What we get are cliché car launches, boring event hosts who wouldn’t know the difference between the cars they’re introducing if not for the name on their check, and cars that are good but not spectacular. Definitely nothing as game-changing as the iPhone and the iPad. The last car I remember getting excited about was the Toyota Prius, the first hybrid in our country. I was so amazed that we have a new type of automobile here in our market, but the buying public thought differently.

Of course there are exciting cars on the market now. I would be writing for a tech website now if I thought gadgets were more exciting than cars. I always crane my neck when see I cars like the BMW 1-Series M, Porsche 911 Turbo or Mercedes-Benz SLS AMG on the road. But those cars are expensive and rare, I doubt if I’ll ever get to test drive them, let alone own them.

And that’s another thing I realized about what Jobs was able to achieve: He created objects of desire yet made them relatively attainable. Macintosh computers used to be the domain of the technological elite because of their big premium over Windows computers. Yet over time the gap grew smaller. They’re still not cheap, a deliberate marketing decision by Apple to maintain their premium image, but if you work hard you can save up for them.
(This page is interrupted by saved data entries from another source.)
lemma interval_in_range: "a \<alpha>0 \<le> t \<Longrightarrow> t \<le> \<beta>0 \<Longrightarrow> s0 \<le> a t \<and> a t \<le> t \<and> t \<le> b t \<and> b t \<le> S"
proof -
  assume t: "a \<alpha>0 \<le> t" "t \<le> \<beta>0"
  then have "0 < t" using a_pos \<alpha>0_pos by (meson less_le_trans)
  then show ?thesis
    using t a_pos \<alpha>0_pos a_le_iff b_le_iff a_lt_lt_b \<alpha>0_le_\<beta>0
    by (auto simp: s0_def S_def less_imp_le)
qed

lemma integral_w_eq_\<Omega>:
  assumes "s0 \<le> u" "u \<le> v"
  shows "integral {u..v} w = \<Omega> v - \<Omega> u"
proof -
  have "integral {s0..u} w + integral {u..v} w = integral {s0..v} w"
    using assms s0_pos
    by (intro Henstock_Kurzweil_Integration.integral_combine w_integrable_on) auto
  then show ?thesis unfolding \<Omega>_def by simp
qed

lemma set_integral_w_eq_\<Omega>: "s0 \<le> u \<Longrightarrow> u \<le> v \<Longrightarrow> (LINT x:{u..v}|lebesgue. w x) = \<Omega> v - \<Omega> u"
  using set_integral_w integral_w_eq_\<Omega> s0_pos by simp

lemma \<Omega>_mono: "s0 \<le> u \<Longrightarrow> u \<le> v \<Longrightarrow> \<Omega> u \<le> \<Omega> v"
  using integral_w_eq_\<Omega>[of u v] integral_nonneg[OF w_integrable_on w_nonneg, of u v] s0_pos
  by simp

lemma \<Omega>_diff_bounds: "s0 \<le> u \<Longrightarrow> u \<le> v \<Longrightarrow> v \<le> S \<Longrightarrow> 0 \<le> \<Omega> v - \<Omega> u \<and> \<Omega> v - \<Omega> u \<le> Wtot"
  using \<Omega>_mono[of u v] \<Omega>_mono[of s0 u] \<Omega>_mono[of v S] unfolding Wtot_def by auto
(* Let $M$ be a combinatorial $3$-pseudomanifold with vertex set $V=V_1\dot\cup V_2$, and suppose the slicing $S=S_{(V_1,V_2)}$ is a weakly neighborly polyhedral map. For $i=1,2$ let $n_i$ be the number of vertices of $V_i$ that lie in the boundary of $\operatorname{span}(V_i)$ (i.e. that are joined by an edge of $M$ to a vertex of the other part). Then \[ n_1n_2\,(15-n_1n_2-n_1-n_2)=12\,\chi(S). \]
   Context: A combinatorial $3$-pseudomanifold is a finite pure $3$-dimensional simplicial complex in which the link of every vertex is a combinatorial surface. $\operatorname{span}(W)$ denotes the induced subcomplex on a vertex set $W$. A function $f:M\to\mathbb{R}$ is regular simplexwise linear (rsl) if it is linear on every simplex and takes pairwise distinct values on the vertices. Given a partition $V=V_1\dot\cup V_2$ of the vertex set into nonempty sets, choose an rsl-function $f$ with $f(v)<f(w)$ for all $v\in V_1$, $w\in V_2$ and $x_0$ strictly between $\max f(V_1)$ and $\min f(V_2)$; the slicing $S_{(V_1,V_2)}$ is the polyhedral surface $f^{-1}(x_0)$, whose facets are the triangles and quadrilaterals obtained by intersecting $f^{-1}(x_0)$ with the tetrahedra of $M$ meeting both parts; its vertices are the points where $f^{-1}(x_0)$ meets edges $\langle u,w\rangle$ of $M$ with $u\in V_1$, $w\in V_2$. A polyhedral map is weakly neighborly if any two of its vertices lie in a common face. $\chi$ denotes the Euler characteristic. *)

theory Defs
  imports Main
begin

definition graph_connected :: "'v set \<Rightarrow> 'v set set \<Rightarrow> bool" where
  "graph_connected W E \<longleftrightarrow>
     (\<forall>x\<in>W. \<forall>y\<in>W. (x, y) \<in> {(a, b). {a, b} \<in> E}\<^sup>*)"

definition cycle_graph :: "'v set \<Rightarrow> 'v set set \<Rightarrow> bool" where
  "cycle_graph W E \<longleftrightarrow> finite W \<and> card W \<ge> 3 \<and>
     (\<forall>e\<in>E. e \<subseteq> W \<and> card e = 2) \<and>
     (\<forall>x\<in>W. card {e\<in>E. x \<in> e} = 2) \<and>
     graph_connected W E"

definition vlink :: "'a set set \<Rightarrow> 'a \<Rightarrow> 'a set set" where
  "vlink K v = {s - {v} | s. s \<in> K \<and> v \<in> s}"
That’s what I did with my Macbook. With some savings, a fortuitous win that came with a cash prize at the Henry Ford Awards for motoring journalism, and a final push from my father, I was able to buy a writer’s dream laptop. The iPhone was a credit card zero-interest scheme. Both are purchases I have no regret buying.

If put in automotive terms, Jobs was able to hype products like they were Ferraris, market them like BMWs, and sell them at Subaru prices. No car company can do that.

The closest man in motoring that I can think of who has the same maniacal obsession to detail, the same singular vision to creating a product designed for a specific purpose, and the same exacting standards to the design and creation of the product is Gordon Murray. His McLaren F1 supercar was conceived to be the best sports car that can be made given that era’s tech and know-how. What came out was arguably the finest supercar of all time, the undisputed fastest car in the world until 2005.

But the McLaren F1 was an expensive piece of machinery. It cost almost $1 million in 1998, and only one hundred were built. Compare that to more than 300 million iPods sold since 2001. We cannot partake of Murray’s genius directly, we can only admire his creation. Apple products on the other hand, can be bought by working-class people like us. We can also win them via raffle contests, or even receive them as gifts if you’re lucky enough to have a generous relative.

The world is a little less brighter and less exciting without Steve Jobs. He taught us that technology per se is useless if not designed to be used to connect with humanity. The iPhone’s gorgeous design and first-rate engineering is nothing if you don’t have important people in your life to communicate with. Last night my cousin Dylan Lacsamana sent me a gushing MMS of the new Honda CR-V, expressing his excitement at the prospect of it arriving next year—the same time his car plan becomes available. I said it suited him well.

The shared love of cars between my cousin and I facilitated that entertaining exchange, but the product Jobs and his company designed made it possible and more meaningful. The fast camera on the iPhone also allowed me to take quick snapshots of interesting cars for this blog. On a more personal note, it lets me take spontaneous photos of my nephew, like this photo of him holding my finger with his tiny hand.

We don’t know if we’ll ever see anyone like you in our lifetime, either in the tech or motoring industry. But you showed us what can be done if we believe in something, if we follow what we love.

Thank you for the magic Steve. It was definitely an amazing ride.